To do => Working from the records beneath this line, reproduce each one exactly.

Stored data
(* Let $\varphi$ be any forecasting system and $\omega\in\Omega$. Then $\omega$ is Schnorr random for $\varphi$ if and only if there is no recursive, positive, rational-valued test supermartingale $R$ for $\varphi$ and growth function $\rho$ with $\limsup_{n\to\infty}[R(\omega^n)-\rho(n)]>0$.
   Context: Notation: $\mathbb N_0=\{0,1,\dots\}$; $\Omega=\{0,1\}^{\mathbb N}$; $\mathbb S$ finite binary strings, $\square$ empty string, $\omega^n$ first $n$ entries of $\omega$. $\mathcal I$: nonempty closed subintervals of $[0,1]$; $\overline E_I(f)=\max_{p\in I}[pf(1)+(1-p)f(0)]$. Forecasting system: any $\varphi:\mathbb S\to\mathcal I$. Supermartingale for $\varphi$: $M:\mathbb S\to\mathbb R$ with $\overline E_{\varphi(s)}(M(s\,\cdot))\le M(s)$ for all $s$ ($M(s\,\cdot):x\mapsto M(sx)$); test supermartingale: non-negative with $M(\square)=1$. A real map $r:\mathbb S\to\mathbb R$ is computable if there is a recursive $q:\mathbb S\times\mathbb N_0\to\mathbb Q$ with $|r(s)-q(s,N)|\le2^{-N}$; a rational-valued process is recursive if it is a recursive map $\mathbb S\to\mathbb Q$. A growth function is a recursive, non-decreasing, unbounded $\rho:\mathbb N_0\to\mathbb N_0$. $\omega$ is Schnorr random for $\varphi$ if $\limsup_n[T(\omega^n)-\rho(n)]\le0$ for all computable test supermartingales $T$ for $\varphi$ and all growth functions $\rho$. *)

theory Defs
  imports Complex_Main "HOL-Library.Extended_Real" "HOL-Library.Liminf_Limsup"
    "HOL-Library.Nat_Bijection"
begin

primrec prec :: "(nat list \<Rightarrow> nat) \<Rightarrow> (nat list \<Rightarrow> nat) \<Rightarrow> nat \<Rightarrow> nat list \<Rightarrow> nat" where
  "prec f g 0 xs = f xs"
| "prec f g (Suc k) xs = g (k # prec f g k xs # xs)"

definition prec_fn :: "(nat list \<Rightarrow> nat) \<Rightarrow> (nat list \<Rightarrow> nat) \<Rightarrow> nat list \<Rightarrow> nat" where
  "prec_fn f g xs = (case xs of [] \<Rightarrow> 0 | x # ys \<Rightarrow> prec f g x ys)"

inductive recfn :: "nat \<Rightarrow> (nat list \<Rightarrow> nat) \<Rightarrow> bool" where
  zero: "recfn n (\<lambda>_. 0)"
| succ: "recfn 1 (\<lambda>xs. Suc (hd xs))"
| proj: "i < n \<Longrightarrow> recfn n (\<lambda>xs. xs ! i)"
| comp: "recfn m f \<Longrightarrow> length gs = m \<Longrightarrow> (\<forall>g\<in>set gs. recfn n g)
          \<Longrightarrow> recfn n (\<lambda>xs. f (map (\<lambda>g. g xs) gs))"
| prim_rec: "recfn n f \<Longrightarrow> recfn (Suc (Suc n)) g \<Longrightarrow> recfn (Suc n) (prec_fn f g)"
| minim: "recfn (Suc n) f \<Longrightarrow> (\<forall>xs. length xs = n \<longrightarrow> (\<exists>y. f (y # xs) = 0))
          \<Longrightarrow> recfn n (\<lambda>xs. LEAST y. f (y # xs) = 0)"

text \<open>Binary strings are bool lists; True = 1, False = 0. The string s followed by x is s @ [x].\<close>
type_synonym bstr = "bool list"

primrec str_code :: "bstr \<Rightarrow> nat" where
  "str_code [] = 0"
| "str_code (b # s) = 2 * str_code s + (if b then 2 else 1)"

definition rat_decode :: "nat \<Rightarrow> rat" where
  "rat_decode n = (case prod_decode n of (a, b) \<Rightarrow> of_int (int_decode a) / of_nat (Suc b))"

definition recursive_nat_fun :: "(nat \<Rightarrow> nat) \<Rightarrow> bool" where
  "recursive_nat_fun \<rho> \<longleftrightarrow> (\<exists>g. recfn 1 g \<and> (\<forall>n. \<rho> n = g [n]))"

definition recursive_rat_process :: "(bstr \<Rightarrow> rat) \<Rightarrow> bool" where
  "recursive_rat_process q \<longleftrightarrow> (\<exists>g. recfn 1 g \<and> (\<forall>s. q s = rat_decode (g [str_code s])))"

definition recursive_rat_map2 :: "(bstr \<Rightarrow> nat \<Rightarrow> rat) \<Rightarrow> bool" where
  "recursive_rat_map2 q \<longleftrightarrow>
     (\<exists>g. recfn 2 g \<and> (\<forall>s N. q s N = rat_decode (g [str_code s, N])))"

Exercise output =>
(* Let $\varphi$ be any forecasting system and $\omega\in\Omega$. Then $\omega$ is Schnorr random for $\varphi$ if and only if there is no recursive, positive, rational-valued test supermartingale $R$ for $\varphi$ and growth function $\rho$ with $\limsup_{n\to\infty}[R(\omega^n)-\rho(n)]>0$.
   Context: Notation: $\mathbb N_0=\{0,1,\dots\}$; $\Omega=\{0,1\}^{\mathbb N}$; $\mathbb S$ finite binary strings, $\square$ empty string, $\omega^n$ first $n$ entries of $\omega$. $\mathcal I$: nonempty closed subintervals of $[0,1]$; $\overline E_I(f)=\max_{p\in I}[pf(1)+(1-p)f(0)]$. Forecasting system: any $\varphi:\mathbb S\to\mathcal I$. Supermartingale for $\varphi$: $M:\mathbb S\to\mathbb R$ with $\overline E_{\varphi(s)}(M(s\,\cdot))\le M(s)$ for all $s$ ($M(s\,\cdot):x\mapsto M(sx)$); test supermartingale: non-negative with $M(\square)=1$. A real map $r:\mathbb S\to\mathbb R$ is computable if there is a recursive $q:\mathbb S\times\mathbb N_0\to\mathbb Q$ with $|r(s)-q(s,N)|\le2^{-N}$; a rational-valued process is recursive if it is a recursive map $\mathbb S\to\mathbb Q$. A growth function is a recursive, non-decreasing, unbounded $\rho:\mathbb N_0\to\mathbb N_0$. $\omega$ is Schnorr random for $\varphi$ if $\limsup_n[T(\omega^n)-\rho(n)]\le0$ for all computable test supermartingales $T$ for $\varphi$ and all growth functions $\rho$. *)

theory Defs
  imports Complex_Main "HOL-Library.Extended_Real" "HOL-Library.Liminf_Limsup"
    "HOL-Library.Nat_Bijection"
begin

primrec prec :: "(nat list \<Rightarrow> nat) \<Rightarrow> (nat list \<Rightarrow> nat) \<Rightarrow> nat \<Rightarrow> nat list \<Rightarrow> nat" where
  "prec f g 0 xs = f xs"
| "prec f g (Suc k) xs = g (k # prec f g k xs # xs)"

definition prec_fn :: "(nat list \<Rightarrow> nat) \<Rightarrow> (nat list \<Rightarrow> nat) \<Rightarrow> nat list \<Rightarrow> nat" where
  "prec_fn f g xs = (case xs of [] \<Rightarrow> 0 | x # ys \<Rightarrow> prec f g x ys)"

inductive recfn :: "nat \<Rightarrow> (nat list \<Rightarrow> nat) \<Rightarrow> bool" where
  zero: "recfn n (\<lambda>_. 0)"
| succ: "recfn 1 (\<lambda>xs. Suc (hd xs))"
| proj: "i < n \<Longrightarrow> recfn n (\<lambda>xs. xs ! i)"
| comp: "recfn m f \<Longrightarrow> length gs = m \<Longrightarrow> (\<forall>g\<in>set gs. recfn n g)
          \<Longrightarrow> recfn n (\<lambda>xs. f (map (\<lambda>g. g xs) gs))"
| prim_rec: "recfn n f \<Longrightarrow> recfn (Suc (Suc n)) g \<Longrightarrow> recfn (Suc n) (prec_fn f g)"
| minim: "recfn (Suc n) f \<Longrightarrow> (\<forall>xs. length xs = n \<longrightarrow> (\<exists>y. f (y # xs) = 0))
          \<Longrightarrow> recfn n (\<lambda>xs. LEAST y. f (y # xs) = 0)"

text \<open>Binary strings are bool lists; True = 1, False = 0. The string s followed by x is s @ [x].\<close>
type_synonym bstr = "bool list"

primrec str_code :: "bstr \<Rightarrow> nat" where
  "str_code [] = 0"
| "str_code (b # s) = 2 * str_code s + (if b then 2 else 1)"

definition rat_decode :: "nat \<Rightarrow> rat" where
  "rat_decode n = (case prod_decode n of (a, b) \<Rightarrow> of_int (int_decode a) / of_nat (Suc b))"

definition recursive_nat_fun :: "(nat \<Rightarrow> nat) \<Rightarrow> bool" where
  "recursive_nat_fun \<rho> \<longleftrightarrow> (\<exists>g. recfn 1 g \<and> (\<forall>n. \<rho> n = g [n]))"

definition recursive_rat_process :: "(bstr \<Rightarrow> rat) \<Rightarrow> bool" where
  "recursive_rat_process q \<longleftrightarrow> (\<exists>g. recfn 1 g \<and> (\<forall>s. q s = rat_decode (g [str_code s])))"

definition recursive_rat_map2 :: "(bstr \<Rightarrow> nat \<Rightarrow> rat) \<Rightarrow> bool" where
  "recursive_rat_map2 q \<longleftrightarrow>
     (\<exists>g. recfn 2 g \<and> (\<forall>s N. q s N = rat_decode (g [str_code s, N])))"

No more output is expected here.